▶ [What to produce] Lines from the records below that contain the word "also" are to be copied out.

▶ [Stored items]
lemma word_val_append:
  "set xs \<subseteq> carrier G \<Longrightarrow> set ys \<subseteq> carrier G \<Longrightarrow>
    word_val G (xs @ ys) = word_val G xs \<otimes> word_val G ys"
  by (induct xs) (auto simp: m_assoc)

lemma word_val_replicate: "a \<in> carrier G \<Longrightarrow> word_val G (replicate n a) = a [^] n"
  by (induct n) (simp_all add: nat_pow_Suc2[symmetric])

lemma word_val_take_closed [simp]: "set w \<subseteq> carrier G \<Longrightarrow> word_val G (take i w) \<in> carrier G"
  by (meson set_take_subset subset_trans word_val_closed)

lemma central_closed: "central G z \<Longrightarrow> z \<in> carrier G"
  by (simp add: central_def)

lemma central_commute: "central G z \<Longrightarrow> g \<in> carrier G \<Longrightarrow> z \<otimes> g = g \<otimes> z"
  by (simp add: central_def)

lemma central_one: "central G \<one>"
  by (simp add: central_def)

lemma central_mult:
  assumes a: "central G a" and b: "central G b"
  shows "central G (a \<otimes> b)"
proof -
  have ac: "a \<in> carrier G" and bc: "b \<in> carrier G" using a b by (auto simp: central_def)
  have "a \<otimes> b \<otimes> g = g \<otimes> (a \<otimes> b)" if g: "g \<in> carrier G" for g
  proof -
    have "a \<otimes> b \<otimes> g = a \<otimes> (b \<otimes> g)" using ac bc g by (simp add: m_assoc)
    also have "b \<otimes> g = g \<otimes> b" using b g by (rule central_commute)
    also have "a \<otimes> (g \<otimes> b) = a \<otimes> g \<otimes> b" using ac bc g by (simp add: m_assoc)
    also have "a \<otimes> g = g \<otimes> a" using a g by (rule central_commute)
    finally show ?thesis using ac bc g by (simp add: m_assoc)
  qed
  then show ?thesis using ac bc by (simp add: central_def)
qed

▶ [The completed task]
    also have "b \<otimes> g = g \<otimes> b" using b g by (rule central_commute)
    also have "a \<otimes> (g \<otimes> b) = a \<otimes> g \<otimes> b" using ac bc g by (simp add: m_assoc)
    also have "a \<otimes> g = g \<otimes> a" using a g by (rule central_commute)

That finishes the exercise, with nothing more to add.